In its 1982 decision in State v. Ibbison (448 A.2d 728 (1982)), the Rhode Island Supreme Court stepped up in a criminal trespass case to resolve the dispute over the landward boundary of the Tidal Lands (and the shoreside boundary of the private property) under the state Constitution. Finding that no prior decided case had determined the boundary between private and public trust property at the high tide mark, the Supreme Court determined the average or mean high tide boundary of the public trust Tidelands. Drawing on expertise dating to the 16th century and case law to the 19th century, the Supreme Court found the mean high tide boundary to be located based on an 18.6-year average computed by modern scientific techniques. Still, it acknowledged that this boundary “is not readily identifiable by the casual observer.” This ruling provided the public shore user a ready defense that they could not reasonably recognize the boundary to trespass beyond it intentionally. The controversies continued.

In 1986, a modern Constitutional Convention described those privileges of the shore as “including but not limited to fishing from the shore, the gathering of seaweed, leaving the shore to swim in the sea and passage along the shore.” While those privileges extended to the Tidelands, revealed during the ebb and flow of daily high and low tides, it did not diminish the controversy arising from public use of those Tidelands along private property, often lapping into the press, town hall, and courtroom.

Fast forward to June 26, 2023, when the Governor of Rhode Island signed into law House Bill H5174 Substitute A to make identifiable the mean high tide boundary of public access by establishing the “recognizable high tide line” as that “… line of seaweed, oil, or scum along shore objects, a more or less continuous deposit of fine shells or debris on the foreshore or berm…”  and other physical markings. The legislation also added as a failsafe the “recognizable high tide line” was established by the line of materials that formed the “most seaward line” or, in the absence of such materials, the “wet line” on the beach, and excluded lines occurring during “storm surges.”  Finally, the legislation set the line for public access along the shore at “… up to ten feet (10’) landward of this “recognizable high tide line.” Rocky shore, vegetated areas, lawns, rocky cliffs, sea walls, and other permitted shoreline infrastructure are excluded from the area open to public access.
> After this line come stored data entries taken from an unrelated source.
lemma colour_blocks:
  assumes "finite S"
  obtains ass where "\<forall>as\<in>set ass. 2 \<le> length as \<and> (\<forall>y\<in>set as. c y = c (hd as))"
    and "distinct (concat ass)" and "set (concat ass) = S - singly_coloured c S"
    and "int (capacity ass) = (\<Sum>a\<in>repeated_colours c S. int (colour_count c S a div 2))
      - int (card (repeated_colours c S))"
proof -
  define B where "B = repeated_colours c S"
  have "finite B"
    using assms by (simp add: B_def repeated_colours_def)
  then obtain colours where colours: "distinct colours" "set colours = B"
    using finite_distinct_list by blast
  have "\<forall>a. \<exists>xs. set xs = {x \<in> S. c x = a} \<and> distinct xs"
    by (intro allI finite_distinct_list) (simp add: assms)
  then obtain members
    where members: "\<And>a. distinct (members a)" "\<And>a. set (members a) = {x \<in> S. c x = a}"
    by metis
  have length_members: "length (members a) = colour_count c S a" for a
    using members distinct_card by (metis colour_count_def)
  have long: "\<forall>a\<in>set colours. 2 \<le> length (members a)"
    using colours by (auto simp: length_members B_def repeated_colours_def)
  have "\<forall>as\<in>set (map members colours). 2 \<le> length as \<and> (\<forall>y\<in>set as. c y = c (hd as))"
  proof
    fix as assume "as \<in> set (map members colours)"
    then obtain a where "a \<in> set colours" "as = members a"
      by auto
    then have "2 \<le> length as" "\<forall>y\<in>set as. c y = a"
      using long members(2) by auto
    then show "2 \<le> length as \<and> (\<forall>y\<in>set as. c y = c (hd as))"
      by (metis hd_in_set list.size(3) not_numeral_le_zero)
  qed
  moreover have "inj_on members B"
  proof
    fix a b assume ab: "a \<in> B" "b \<in> B" "members a = members b"
    then obtain x where "x \<in> S" "c x = a"
      by (auto simp: B_def repeated_colours_def)
    then show "a = b"
      using members(2)[of a] members(2)[of b] ab(3) by auto
  qed
  then have "distinct (concat (map members colours))"
    using colours members by (auto simp: distinct_map intro!: distinct_concat)
  moreover have "set (concat (map members colours)) = S - singly_coloured c S"
    using colours members colour_count_pos[OF assms, of _ c]
    by (force simp: B_def repeated_colours_def singly_coloured_def)
  moreover have "int (capacity (map members colours)) =
      (\<Sum>a\<in>B. int (colour_count c S a div 2)) - int (card B)"
    using capacity_map[OF colours(1) long] distinct_card[OF colours(1)] colours(2)
    by (simp add: length_members)
  ultimately show ?thesis
    using that B_def by blast
qed

lemma exists_no_rainbow_arrangement:
  assumes "finite S" and "0 \<le> surplus c S"
  shows "\<exists>w. distinct w \<and> set w = S \<and> no_rainbow_window (map c w)"
proof -
  obtain ass where blocks: "\<forall>as\<in>set ass. 2 \<le> length as \<and> (\<forall>y\<in>set as. c y = c (hd as))"
    and "distinct (concat ass)" and set_ass: "set (concat ass) = S - singly_coloured c S"
    and capacity: "int (capacity ass) = (\<Sum>a\<in>repeated_colours c S. int (colour_count c S a div 2))
      - int (card (repeated_colours c S))"
    using colour_blocks[OF assms(1)] by blast
  have "finite (singly_coloured c S)"
    using assms(1) by (simp add: singly_coloured_def)
  then obtain ts where ts: "distinct ts" "set ts = singly_coloured c S"
    using finite_distinct_list by blast
  have "length ts \<le> capacity ass + 2"
    using assms(2) capacity surplus_eq_sum_repeated_colours[OF assms(1), of c] distinct_card[OF ts(1)] ts(2)
    by simp
  moreover have "distinct (concat ass @ ts)"
    using \<open>distinct (concat ass)\<close> set_ass ts by auto
  moreover have "(\<Union>as\<in>set ass. set as) \<union> set ts = S"
    using set_ass ts by (auto simp: singly_coloured_def)
  ultimately show ?thesis
    using exists_no_rainbow_arrangement_of_blocks[OF blocks] by metis
qed

theorem exists_no_rainbow_arrangement_iff:
  assumes "finite S"
  shows "(\<exists>w. distinct w \<and> set w = S \<and> no_rainbow_window (map c w)) \<longleftrightarrow> 0 \<le> surplus c S"
  using exists_no_rainbow_arrangement[OF assms] surplus_no_rainbow_window by blast


section \<open>Rank-3 matroids without 3-circuits\<close>

lemma matroid_finite: "matroid n I \<Longrightarrow> finite I"
  unfolding matroid_def by (meson Pow_iff finite_Pow_iff finite_atLeastAtMost finite_subset subsetI)

lemma matroid_down_closed: "matroid n I \<Longrightarrow> Y \<in> I \<Longrightarrow> X \<subseteq> Y \<Longrightarrow> X \<in> I"
  unfolding matroid_def by blast

lemma matroid_augment:
  "matroid n I \<Longrightarrow> X \<in> I \<Longrightarrow> Y \<in> I \<Longrightarrow> card X < card Y \<Longrightarrow>
    \<exists>y\<in>Y - X. insert y X \<in> I"
  by (simp add: matroid_def)

lemma basis_if_card_eq_mrank:
  assumes "matroid n I" and "X \<in> I" and "card X = mrank I"
  shows "basis I X"
  unfolding basis_def
proof (intro conjI ballI impI)
  fix Y assume Y: "Y \<in> I" "X \<subseteq> Y"
  have "finite Y"
    using assms(1) Y(1) unfolding matroid_def by (meson finite_atLeastAtMost finite_subset)
  moreover have "card Y \<le> card X"
    using assms(3) Y(1) matroid_finite[OF assms(1)] by (simp add: mrank_def)
  ultimately show "Y = X"
    using Y(2) card_seteq by blast
qed (fact assms(2))

lemma dependent_pair_trans:
  assumes "matroid n I" and "f \<in> nonloops n I"
    and "{e, f} \<notin> I" and "{f, g} \<notin> I" and "e \<noteq> g"
  shows "{e, g} \<notin> I"
proof
  assume eg: "{e, g} \<in> I"
  have f: "{f} \<in> I"
    using assms(2) by (simp add: nonloops_def)
  then have "e \<noteq> f" "f \<noteq> g"
    using assms(3,4) by auto
  then have "card {f} < card {e, g}"
    using assms(5) by simp
  then obtain y where "y \<in> {e, g} - {f}" "insert y {f} \<in> I"
    using matroid_augment[OF assms(1) f eg] by blast
  then show False
    using assms(3,4) by (auto simp: insert_commute)
qed

lemma parallel_class_conv:
  "e \<in> nonloops n I \<Longrightarrow> parallel_class n I e = {f \<in> nonloops n I. e = f \<or> {e, f} \<notin> I}"
  by (auto simp: parallel_class_def parallel_def)

lemma parallel_class_eq_iff:
  assumes "matroid n I" and "e \<in> nonloops n I" and "f \<in> nonloops n I"
  shows "parallel_class n I e = parallel_class n I f \<longleftrightarrow> e = f \<or> {e, f} \<notin> I"
proof
  assume "parallel_class n I e = parallel_class n I f"
  then show "e = f \<or> {e, f} \<notin> I"
    using assms(2,3) by (auto simp: parallel_class_conv)
next
  assume "e = f \<or> {e, f} \<notin> I"
  then have "e = g \<or> {e, g} \<notin> I \<longleftrightarrow> f = g \<or> {f, g} \<notin> I" if "g \<in> nonloops n I" for g
    using dependent_pair_trans[OF assms(1) assms(2), of f g] dependent_pair_trans[OF assms(1) that, of e f]
      dependent_pair_trans[OF assms(1) assms(3), of e g] dependent_pair_trans[OF assms(1) that, of f e]
    by (auto simp: insert_commute)
  then show "parallel_class n I e = parallel_class n I f"
    using assms(2,3) by (auto simp: parallel_class_conv)
qed

lemma independent_triple_iff_pairs:
  assumes "matroid n I" and "\<forall>C. circuit n I C \<longrightarrow> card C \<noteq> 3"
    and "{x, y, z} \<subseteq> {1..n}" and "x \<noteq> y" "y \<noteq> z" "x \<noteq> z"
  shows "{x, y, z} \<in> I \<longleftrightarrow> {x, y} \<in> I \<and> {y, z} \<in> I \<and> {x, z} \<in> I"
proof
  assume xyz: "{x, y, z} \<in> I"
  have "{x, y} \<subseteq> {x, y, z}" "{y, z} \<subseteq> {x, y, z}" "{x, z} \<subseteq> {x, y, z}"
    by auto
  then show "{x, y} \<in> I \<and> {y, z} \<in> I \<and> {x, z} \<in> I"
    using matroid_down_closed[OF assms(1) xyz] by blast
next
  assume pairs: "{x, y} \<in> I \<and> {y, z} \<in> I \<and> {x, z} \<in> I"
  have "X \<in> I" if "X \<subset> {x, y, z}" for X
  proof -
    have "X \<subseteq> {x, y} \<or> X \<subseteq> {y, z} \<or> X \<subseteq> {x, z}"
      using that by blast
    then show ?thesis
      using pairs by (meson matroid_down_closed[OF assms(1)])
  qed
  moreover have "card {x, y, z} = 3"
    using assms(4-6) by simp
  ultimately show "{x, y, z} \<in> I"
    using assms(2,3) unfolding circuit_def by blast
qed

lemma basis_triple_iff_parallel_classes_distinct:
  assumes "matroid n I" and "mrank I = 3" and "\<forall>C. circuit n I C \<longrightarrow> card C \<noteq> 3"
    and "x \<in> nonloops n I" "y \<in> nonloops n I" "z \<in> nonloops n I"
    and "x \<noteq> y" "y \<noteq> z" "x \<noteq> z"
  shows "basis I {x, y, z} \<longleftrightarrow> parallel_class n I x \<noteq> parallel_class n I y \<and>
    parallel_class n I y \<noteq> parallel_class n I z \<and> parallel_class n I x \<noteq> parallel_class n I z"
proof -
  have "{x, y, z} \<subseteq> {1..n}"
    using assms(4-6) by (auto simp: nonloops_def)
  then have "{x, y, z} \<in> I \<longleftrightarrow> parallel_class n I x \<noteq> parallel_class n I y \<and>
      parallel_class n I y \<noteq> parallel_class n I z \<and> parallel_class n I x \<noteq> parallel_class n I z"
    using independent_triple_iff_pairs[OF assms(1,3) _ assms(7-9)] assms(4-9)
    by (simp add: parallel_class_eq_iff[OF assms(1)])
  moreover have "card {x, y, z} = mrank I"
    using assms(2,7-9) by simp
  then have "basis I {x, y, z} \<longleftrightarrow> {x, y, z} \<in> I"
    using basis_if_card_eq_mrank[OF assms(1)] basis_def by blast
  ultimately show ?thesis
    by simp
qed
Under existing state law, it also provided shore owners limitations on liability for public use of the inter-tidal lands.

A noble effort by any measure. But is the issue of where you can walk along the shore without trespassing now resolved? Not based on what is featured in the news and on social media. And certainly not to an organization representing private coastal shore property owners.

Barely two weeks after the legislation became law, on July 7, 2023, the Rhode Island Association of Coastal Taxpayers (the “Association”) filed suit against named state officials in the United States District Court for Rhode Island (the “Court”) for violation of the federal constitutional rights under 42 U.S.C. § 1983, alleging a taking of the property owner’s rights under the Fifth and Fourteenth Amendments to exclusive possession and use of their properties without just compensation, and demanding such compensation as well as injunctive relief. The Association, represented by the Pacific Legal Foundation, has also filed for a preliminary injunction to forestall implementation of the statute pending a determination by the Court.

So, the controversy continues. And don’t ask whether you can set out your beach chairs, blankets, and beach umbrellas. More to come, I’m sure. Meanwhile, tread carefully on your beach walk … and keep an eye on your dog.

DISCLAIMER: Because of the generality of this update, the information provided herein may not be applicable in all situations and should not be acted upon without specific legal advice based on particular situations.